When my husband and I first started our adoption journey we didn’t know anyone else that was currently adopting. We knew a few people that had adopted previously, but no one we could easily relate to at the time.
Of course we had each other to talk to, but neither of us knew exactly what we were doing. We were learning and figuring things out as we went. We often used the phrase “fake it till you make it”, as we tried to be confident in answering other’s questions about how the adoption world works.
Over time we heard of a couple others we knew who were in the adoption process. An adoption support group was started in our area and we went to activities that they held. There we got to see a variety of different families. Those who had adopted, were currently working towards adoption, and birth mothers who had placed a baby.
Now we definitely aren’t the kind of people who love getting out and meeting new people, but as we went to the adoption support group activities we found it was comforting. It was comforting to see that the adoption process actually does work. As it can be hard to see the light at the end of the tunnel through endless paper work and months of waiting for your own adoption to go through.
The adoption support group has done a few different get togethers so far. They did a dessert night for mother’s day, where birth moms and adoptive moms could get together. In the summer they had a potluck dinner for families, where anyone could come socialize and play games. The most recent activity was an information day where they had speakers and question/answer sessions, along with lunch.
I would encourage you to do some research and see where the nearest support group is for you. Ours has a Facebook page that posts events and keeps everyone up to date about adoption news. If you search for “adoption support group” on Facebook it will pull up a few groups you can join.
If you don’t know of any support groups currently in your area it is never too late to start one yourself! It can be a very simple idea. Find other families who have a connection to adoption and get together every once in awhile. Or you can even have a support group on some form of social media, like Facebook.

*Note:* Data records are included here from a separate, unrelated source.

(* Let $a<b$ be real numbers, let $f:[a,b]\to\mathbb{R}$, and let $c\in\left[a,\frac{a+b}{2}\right]$ be such that: (i) $f(c-x)+f(c+x)=2f(c)$ whenever $c\pm x\in[a,b]$; (ii) the restriction $f|_{[c,b]}$ is convex. Then \[ f(b_\mu)\le\int_a^b f(x)\,d\mu(x) \] for every Borel probability measure $\mu$ on $[a,b]$ whose barycenter $b_\mu=\int_a^b x\,d\mu(x)$ lies in the interval $[2c-a,b]$. Moreover, if in (ii) the restriction $f|_{[c,b]}$ is instead assumed concave (with (i) unchanged), then the reverse inequality $f(b_\mu)\ge\int_a^b f(x)\,d\mu(x)$ holds for every such $\mu$.
   Context: For a Borel probability measure $\mu$ on $[a,b]$, its barycenter is $b_\mu=\int_a^b x\,d\mu(x)$. *)

theory Defs
  imports "HOL-Probability.Probability"
begin

definition barycenter :: "real measure \<Rightarrow> real" where
  "barycenter M = integral\<^sup>L M (\<lambda>x. x)"

end

theory Submission
  imports Defs
begin

text \<open>If the barycenter \<open>t\<close> lies strictly between \<open>c\<close> and \<open>b\<close>, take a supporting line \<open>\<ell>\<close> of the
convex function \<open>f\<close> at \<open>t\<close> on \<open>[c,b]\<close>. It supports \<open>f\<close> on \<open>[a,c]\<close> as well: for \<open>x \<in> [a,c]\<close> the
reflected point \<open>y = 2c - x\<close> lies in \<open>[c,t]\<close>, where the convex function \<open>f - \<ell>\<close>, which is
nonnegative and vanishes at \<open>t\<close>, is at most \<open>(f - \<ell>)(c)\<close>; since \<open>f x + f y = 2 f c\<close> and
\<open>\<ell> x + \<ell> y = 2 \<ell> c\<close>, this gives \<open>\<ell> x \<le> f x\<close>. Integrating \<open>\<ell> \<le> f\<close> against \<open>\<mu>\<close> is Jensen's
inequality. If \<open>t\<close> is an endpoint of \<open>[a,b]\<close>, then \<open>\<mu>\<close> is a point mass. The concave case is
the convex case for \<open>-f\<close>.\<close>

lemma convex_on_Icc_supporting_line:
  fixes f :: "real \<Rightarrow> real"
  assumes "convex_on {p..q} f" and "t \<in> {p<..<q}"
  obtains s where "\<And>y. y \<in> {p..q} \<Longrightarrow> f t + s * (y - t) \<le> f y"
  using convex_le_Inf_differential[OF assms(1)] assms(2) by (metis interior_atLeastAtMost_real)

lemma convex_on_Icc_bounded:
  fixes f :: "real \<Rightarrow> real"
  assumes convex: "convex_on {p..q} f" and "p < q"
  obtains B where "\<And>y. y \<in> {p..q} \<Longrightarrow> \<bar>f y\<bar> \<le> B"
proof -
  define m where "m = (p + q) / 2"
  have "m \<in> {p<..<q}" using \<open>p < q\<close> unfolding m_def by auto
  then obtain s where s: "\<And>y. y \<in> {p..q} \<Longrightarrow> f m + s * (y - m) \<le> f y"
    using convex_on_Icc_supporting_line[OF convex] by blast
  have "\<bar>f y\<bar> \<le> \<bar>f m\<bar> + \<bar>s\<bar> * (q - p) + \<bar>f p\<bar> + \<bar>f q\<bar>" if y: "y \<in> {p..q}" for y
  proof -
    have "\<bar>s * (y - m)\<bar> \<le> \<bar>s\<bar> * (q - p)"
      unfolding abs_mult using y \<open>m \<in> {p<..<q}\<close> by (intro mult_left_mono) auto
    moreover have "f y \<le> max (f p) (f q)"
      using convex_on_le_max[OF convex y] .
    ultimately show ?thesis using s[OF y] by linarith
  qed
  then show thesis using that by blast
qed

lemma borel_measurable_restrict_Icc_continuous_off_finite:
  fixes f :: "real \<Rightarrow> real"
  assumes "finite X" and f: "continuous_on ({a<..<b} - X) f"
  shows "f \<in> borel_measurable (restrict_space borel {a..b})"
proof -
  let ?g = "\<lambda>x. if x \<in> {a..b} then f x else 0"
  have "continuous_on (({a<..<b} - X) \<union> {..<a} \<union> {b<..}) ?g"
  proof (intro continuous_on_open_Un)
    show "continuous_on ({a<..<b} - X) ?g"
      using f by (rule continuous_on_cong[THEN iffD1, rotated 2]) auto
  qed (use \<open>finite X\<close> in \<open>auto intro!: open_Diff finite_imp_closed
        continuous_on_cong[THEN iffD2, OF refl _ continuous_on_const]\<close>)
  moreover have "- (X \<union> {a, b}) \<subseteq> ({a<..<b} - X) \<union> {..<a} \<union> {b<..}"
    by auto
  ultimately have "?g \<in> borel_measurable borel"
    using \<open>finite X\<close> by (intro borel_measurable_continuous_countable_exceptions[of "X \<union> {a, b}"])
      (auto intro: continuous_on_subset countable_finite)
  then have "?g \<in> borel_measurable (restrict_space borel {a..b})"
    by (rule measurable_restrict_space1)
  then show ?thesis
    by (rule measurable_cong[THEN iffD1, rotated]) (simp add: space_restrict_space)
qed

lemma (in prob_space) AE_eq_of_expectation_eq_bound:
  fixes X :: "'a \<Rightarrow> real"
  assumes "integrable M X" and "AE x in M. X x \<le> e" and "expectation X = e"
  shows "AE x in M. X x = e"
proof -
  have "(\<integral>x. e - X x \<partial>M) = 0"
    using assms(1,3) by (simp add: prob_space)
  then have "AE x in M. e - X x = 0"
    using integral_nonneg_eq_0_iff_AE[of M "\<lambda>x. e - X x"] assms(1,2) by auto
  then show ?thesis by auto
qed

lemma (in prob_space) supporting_line_le_expectation:
  fixes X :: "'a \<Rightarrow> real" and f :: "real \<Rightarrow> real"
  assumes "integrable M X" and "integrable M (\<lambda>x. f (X x))"
    and "AE x in M. f t + s * (X x - t) \<le> f (X x)" and "expectation X = t"
  shows "f t \<le> expectation (\<lambda>x. f (X x))"
proof -
  have "f t = (\<integral>x. f t + s * (X x - t) \<partial>M)"
    using assms(1,4) by (simp add: prob_space)
  also have "\<dots> \<le> expectation (\<lambda>x. f (X x))"
    using assms(1-3) by (intro integral_mono_AE) auto
  finally show ?thesis .
qed

lemma concave_on_tangent_line: "convex S \<Longrightarrow> concave_on S (\<lambda>y::real. k + s * (y - t))"
  unfolding concave_on_iff
proof (intro conjI ballI allI impI)
  fix x y u v :: real assume "u + v = 1"
  have "u * (k + s * (x - t)) + v * (k + s * (y - t)) = (u + v) * k + s * (u * x + v * y - (u + v) * t)"
    by (simp add: algebra_simps)
  then show "u * (k + s * (x - t)) + v * (k + s * (y - t)) \<le> k + s * (u *\<^sub>R x + v *\<^sub>R y - t)"
    using \<open>u + v = 1\<close> by simp
qed

locale point_reflected_convex =
  fixes a b c :: real and f :: "real \<Rightarrow> real"
  assumes a_less_b: "a < b"
    and center: "c \<in> {a..(a+b)/2}"
    and reflection: "\<And>x. x \<in> {a..c} \<Longrightarrow> f x + f (2 * c - x) = 2 * f c"
    and convex: "convex_on {c..b} f"
begin

lemma center_less_b: "c < b"
  using a_less_b center by auto

lemma reflect_mem: "x \<in> {a..c} \<Longrightarrow> 2 * c - x \<in> {c..b}"
  using center by auto

lemma continuous_off_center: "continuous_on ({a<..<b} - {c}) f"
proof -
  have right: "continuous_on {c<..<b} f"
    by (rule convex_on_continuous) (auto intro: convex_on_subset[OF convex])
  have reflected: "continuous_on {a<..<c} (\<lambda>x. 2 * f c - f (2 * c - x))"
    by (intro continuous_intros continuous_on_compose2[OF right]) (use center in auto)
  have left: "continuous_on {a<..<c} f"
  proof (rule continuous_on_cong[THEN iffD1, OF refl _ reflected])
    fix x assume "x \<in> {a<..<c}"
    then show "2 * f c - f (2 * c - x) = f x" using reflection[of x] by auto
  qed
  have "{a<..<b} - {c} = {a<..<c} \<union> {c<..<b}"
    using center a_less_b by auto
  then show ?thesis
    using continuous_on_open_Un[OF _ _ left right] by simp
qed

lemma borel_measurable: "f \<in> borel_measurable (restrict_space borel {a..b})"
  by (rule borel_measurable_restrict_Icc_continuous_off_finite[OF _ continuous_off_center]) simp

lemma bounded:
  obtains B where "\<And>x. x \<in> {a..b} \<Longrightarrow> \<bar>f x\<bar> \<le> B"
proof -
  obtain B where B: "\<And>y. y \<in> {c..b} \<Longrightarrow> \<bar>f y\<bar> \<le> B"
    using convex_on_Icc_bounded[OF convex center_less_b] by blast
  have "\<bar>f x\<bar> \<le> 2 * \<bar>f c\<bar> + B" if "x \<in> {a..b}" for x
  proof (cases "x < c")
    case True
    then have "x \<in> {a..c}" using that by auto
    then show ?thesis
      using reflection[of x] B[OF reflect_mem[OF \<open>x \<in> {a..c}\<close>]] by linarith
  next
    case False
    then show ?thesis using B[of x] that B[of c] center by auto
  qed
  then show thesis using that by blast
qed

lemma supporting_line:
  assumes "t \<in> {c<..<b}" and "2 * c - a \<le> t"
  obtains s where "\<And>x. x \<in> {a..b} \<Longrightarrow> f t + s * (x - t) \<le> f x"
proof -
  obtain s where right: "\<And>y. y \<in> {c..b} \<Longrightarrow> f t + s * (y - t) \<le> f y"
    using convex_on_Icc_supporting_line[OF convex assms(1)] by blast
  define g where "g y = f y - (f t + s * (y - t))" for y
  have "convex_on {c..t} g"
    unfolding g_def using assms(1)
    by (intro convex_on_diff convex_on_subset[OF convex] concave_on_tangent_line) auto
  then have "g y \<le> max (g c) (g t)" if "y \<in> {c..t}" for y
    using convex_on_le_max that by blast
  moreover have "g t = 0" "0 \<le> g c"
    using right[of c] center_less_b center unfolding g_def by auto
  ultimately have g_le: "g y \<le> g c" if "y \<in> {c..t}" for y
    using that by fastforce
  have "f t + s * (x - t) \<le> f x" if "x \<in> {a..c}" for x
  proof -
    have "2 * c - x \<in> {c..t}" using that assms(2) by auto
    then have "g (2 * c - x) \<le> g c" by (rule g_le)
    then show ?thesis
      using reflection[OF that] \<open>0 \<le> g c\<close> unfolding g_def by (simp add: algebra_simps)
  qed
  then show thesis
    using that right center by (metis atLeastAtMost_iff linorder_le_cases)
qed

lemma le_integral_at_barycenter:
  assumes "prob_space M" and sets_M: "sets M = sets (restrict_space borel {a..b})"
    and "barycenter M \<in> {2 * c - a..b}"
  shows "f (barycenter M) \<le> (\<integral>x. f x \<partial>M)"
proof -
  interpret prob_space M by fact
  have space_M: "space M = {a..b}"
    using sets_eq_imp_space_eq[OF sets_M] by (simp add: space_restrict_space)
  have measurable_M: "measurable M borel = measurable (restrict_space borel {a..b}) borel"
    by (rule measurable_cong_sets[OF sets_M refl])
  have f_measurable: "f \<in> borel_measurable M"
    unfolding measurable_M by (rule borel_measurable)
  have id_integrable: "integrable M (\<lambda>x. x)"
    by (rule integrable_const_bound[where B="\<bar>a\<bar> + \<bar>b\<bar>"])
       (auto simp: space_M measurable_M intro: measurable_restrict_space1 intro!: AE_I2)
  obtain B where "\<And>x. x \<in> {a..b} \<Longrightarrow> \<bar>f x\<bar> \<le> B"
    using bounded by blast
  then have f_integrable: "integrable M f"
    by (intro integrable_const_bound[where B=B]) (auto simp: space_M f_measurable)
  define t where "t = barycenter M"
  have mean: "expectation (\<lambda>x. x) = t"
    unfolding t_def barycenter_def ..
  have point_mass: "(\<integral>x. f x \<partial>M) = f e" if "AE x in M. x = e" for e
  proof -
    have "(\<integral>x. f x \<partial>M) = (\<integral>x. f e \<partial>M)"
      by (rule integral_cong_AE) (use that f_measurable in auto)
    then show ?thesis by (simp add: prob_space)
  qed
  have t_bounds: "2 * c - a \<le> t" "t \<le> b"
    using assms(3) unfolding t_def by auto
  \<comment> \<open>\<open>t = c\<close> forces \<open>c = a\<close>\<close>
  consider "t = b" | "t = a" | "t \<in> {c<..<b}"
    using t_bounds center by fastforce
  then have "f t \<le> (\<integral>x. f x \<partial>M)"
  proof cases
    case 1
    have "AE x in M. x = b"
      by (rule AE_eq_of_expectation_eq_bound[OF id_integrable _ mean[unfolded 1]])
         (auto simp: space_M intro!: AE_I2)
    then show ?thesis using point_mass 1 by simp
  next
    case 2
    have "AE x in M. - x = - a"
      by (rule AE_eq_of_expectation_eq_bound)
         (use id_integrable mean 2 in \<open>auto simp: space_M intro!: AE_I2\<close>)
    then show ?thesis using point_mass 2 by simp
  next
    case 3
    obtain s where "\<And>x. x \<in> {a..b} \<Longrightarrow> f t + s * (x - t) \<le> f x"
      using supporting_line[OF 3 t_bounds(1)] by blast
    then have "AE x in M. f t + s * (x - t) \<le> f x"
      by (intro AE_I2) (simp add: space_M)
    then show ?thesis
      using supporting_line_le_expectation[OF id_integrable f_integrable _ mean] by simp
  qed
  then show ?thesis unfolding t_def .
qed

end

theorem theorem1:
  fixes a b c :: real and f :: "real \<Rightarrow> real"
  assumes "a < b"
    and "c \<in> {a..(a+b)/2}"
    and "\<forall>x. c - x \<in> {a..b} \<and> c + x \<in> {a..b} \<longrightarrow> f (c - x) + f (c + x) = 2 * f c"
  shows "(convex_on {c..b} f \<longrightarrow>
            (\<forall>M :: real measure. prob_space M \<and> sets M = sets (restrict_space borel {a..b})
               \<and> barycenter M \<in> {2*c - a..b}
               \<longrightarrow> f (barycenter M) \<le> (\<integral>x. f x \<partial>M)))
       \<and> (concave_on {c..b} f \<longrightarrow>
            (\<forall>M :: real measure. prob_space M \<and> sets M = sets (restrict_space borel {a..b})
               \<and> barycenter M \<in> {2*c - a..b}
               \<longrightarrow> f (barycenter M) \<ge> (\<integral>x. f x \<partial>M)))"
proof -
  have reflection: "f x + f (2 * c - x) = 2 * f c" if "x \<in> {a..c}" for x
    using assms(3)[rule_format, of "c - x"] that assms(2) by auto
  have jensen: "g (barycenter M) \<le> (\<integral>x. g x \<partial>M)"
    if "convex_on {c..b} g" and "\<And>x. x \<in> {a..c} \<Longrightarrow> g x + g (2 * c - x) = 2 * g c"
      and "prob_space M \<and> sets M = sets (restrict_space borel {a..b}) \<and> barycenter M \<in> {2*c - a..b}"
    for g and M :: "real measure"
    using point_reflected_convex.le_integral_at_barycenter[OF point_reflected_convex.intro]
      assms(1,2) that by blast
  show ?thesis
  proof (intro conjI impI allI)
    fix M :: "real measure"
    assume "concave_on {c..b} f"
      and "prob_space M \<and> sets M = sets (restrict_space borel {a..b}) \<and> barycenter M \<in> {2*c - a..b}"
    moreover have "- f x + - f (2 * c - x) = 2 * - f c" if "x \<in> {a..c}" for x
      using reflection[OF that] by simp
    ultimately have "- f (barycenter M) \<le> (\<integral>x. - f x \<partial>M)"
      by (intro jensen) (auto simp: concave_on_def)
    then show "f (barycenter M) \<ge> (\<integral>x. f x \<partial>M)" by simp
  qed (use jensen reflection in blast)
qed

end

You can create a private group and invite others to have a safe place to share concerns, ask questions and celebrate good news together.
There are also online adoption support groups you could look into.
For example Adoptive Families Circle has different interest groups you can join. Some of their groups include: “Waiting to Adopt”, “Trans-racial Families”, “Open Adoption Families”, “U.S. Foster Adoptive Families”, etc. When you join a group you can post questions or comment on other’s posts.
I strongly believe that having support throughout your adoption is a very valuable thing to have. Of course you can always look to family members and friends, but if you don’t have that resource you can always find support in other ways. Never feel like you are alone in the emotional roller coaster that adoption brings to your life.